:: GIVEN ENTRIES

(* Let $\overrightarrow{W}$ be a Morse sequence on a simplicial complex $K$. Then $\overline\Phi_p=\widetilde\curlywedge_p\circ\curlywedge_p$ and $\underline\Phi_p=\widetilde\curlyvee_p\circ\curlyvee_p$ as maps $K[p]\to K[p]$, for every $p$.
   Context: A simplicial complex $K$ is a finite collection of non-empty finite sets closed under taking non-empty subsets; $\dim\sigma=|\sigma|-1$, $K^{(p)}$ the set of $p$-simplices. A pair $(\sigma,\tau)$ with $\sigma\subsetneq\tau$ is a free pair for $K$ if $\tau$ is the only simplex other than $\sigma$ containing $\sigma$; $K$ is then an elementary expansion of $K\setminus\{\sigma,\tau\}$. If $\nu$ is a facet (maximal simplex) of $K$, $K$ is an elementary filling of $K\setminus\{\nu\}$. A Morse sequence on $K$ is a sequence $\langle\emptyset=K_0,\dots,K_k=K\rangle$ with each $K_i$ an elementary expansion or filling of $K_{i-1}$; simplices added by fillings are critical; for an expansion $K_i=K_{i-1}\cup\{\sigma,\tau\}$, $\sigma\subset\tau$, $(\sigma,\tau)$ is a regular pair, $\sigma$ lower regular, $\tau$ upper regular. $\widehat W$ is the set of critical simplices. $K[p]$ is the $\mathbb{Z}_2$-vector space of subsets of $K^{(p)}$ (sum = symmetric difference, $0=\emptyset$), $\widehat W[p]=\{c\in K[p]:c\subseteq\widehat W\}$. For $\sigma\in K^{(p)}$, $\partial(\sigma)=\{\tau\in K^{(p-1)}:\tau\subset\sigma\}$, $\delta(\sigma)=\{\tau\in K^{(p+1)}:\sigma\subset\tau\}$, with linear extensions $\partial_p,\delta_p$. The reference map $\curlywedge$ is the unique map assigning to each $p$-simplex an element of $\widehat W[p]$, with linear extension $\curlywedge_p$, such that $\curlywedge(\nu)=\{\nu\}$ for critical $\nu$ and $\curlywedge(\tau)=0=\curlywedge(\partial(\tau))$ for upper regular $\tau$; the coreference map $\curlyvee$ (linear extension $\curlyvee_p$) is the unique such map with $\curlyvee(\nu)=\{\nu\}$ for critical $\nu$ and $\curlyvee(\sigma)=0=\curlyvee(\delta(\sigma))$ for lower regular $\sigma$. Extension maps: $\widetilde\curlywedge_p,\widetilde\curlyvee_p:\widehat W[p]\to K[p]$ linear with $\widetilde\curlywedge(\kappa)=\{\nu\in K:\kappa\in\curlyvee(\nu)\}$, $\widetilde\curlyvee(\kappa)=\{\nu\in K:\kappa\in\curlywedge(\nu)\}$ for critical $\kappa$. Let $V_p:K[p]\to K[p+1]$ and $V^*_p:K[p]\to K[p-1]$ be the linear maps with $V(\kappa)=V^*(\kappa)=0$ for critical $\kappa$, and $V(\sigma)=\tau$, $V(\tau)=0$, $V^*(\sigma)=0$, $V^*(\tau)=\sigma$ for each regular pair $(\sigma,\tau)$. The gradient flow $\Phi_p:K[p]\to K[p]$ and coflow $\Phi^*_p:K[p]\to K[p]$ are the linear maps with $\Phi_p(\nu)=\nu+\partial_{p+1}(V_p(\nu))+V_{p-1}(\partial_p(\nu))$ and $\Phi^*_p(\nu)=\nu+\delta_{p-1}(V^*_p(\nu))+V^*_{p+1}(\delta_p(\nu))$ for $\nu\in K^{(p)}$. For each $c\in K[p]$ there are integers $i,j\ge0$ with $\Phi^{i+1}(c)=\Phi^i(c)$ and $(\Phi^* )^{j+1}(c)=(\Phi^* )^j(c)$; one sets $\overline\Phi_p(c)=\Phi^i(c)$ and $\underline\Phi_p(c)=(\Phi^* )^j(c)$. *)

theory Defs
  imports Main
begin

text \<open>Simplices are finite non-empty vertex sets; a complex is a set of simplices.
  Chains over Z_2 (elements of K[p]) are finite sets of simplices; the sum is
  symmetric difference.\<close>

definition simplicial_complex :: "'v set set \<Rightarrow> bool" where
  "simplicial_complex K \<longleftrightarrow> finite K \<and> (\<forall>\<sigma>\<in>K. \<sigma> \<noteq> {} \<and> finite \<sigma>) \<and>
     (\<forall>\<sigma>\<in>K. \<forall>\<tau>. \<tau> \<noteq> {} \<and> \<tau> \<subseteq> \<sigma> \<longrightarrow> \<tau> \<in> K)"

definition simplices_dim :: "'v set set \<Rightarrow> nat \<Rightarrow> 'v set set" where
  "simplices_dim K p = {\<sigma>\<in>K. card \<sigma> = Suc p}"

definition free_pair :: "'v set set \<Rightarrow> 'v set \<Rightarrow> 'v set \<Rightarrow> bool" where
  "free_pair K \<sigma> \<tau> \<longleftrightarrow> \<sigma> \<subset> \<tau> \<and> \<sigma> \<in> K \<and> \<tau> \<in> K \<and>
     (\<forall>\<rho>\<in>K. \<sigma> \<subseteq> \<rho> \<longrightarrow> \<rho> = \<sigma> \<or> \<rho> = \<tau>)"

::::

- **TASK OBJECTIVE**
Look through the data above and return exactly the lines from the one that contains "set \<Rightarrow> nat" to the one that contains "set set \<Rightarrow> 'v", inclusive, with nothing else.

- **ANSWER TO THIS TASK**
definition simplices_dim :: "'v set set \<Rightarrow> nat \<Rightarrow> 'v set set" where
  "simplices_dim K p = {\<sigma>\<in>K. card \<sigma> = Suc p}"

definition free_pair :: "'v set set \<Rightarrow> 'v set \<Rightarrow> 'v set \<Rightarrow> bool" where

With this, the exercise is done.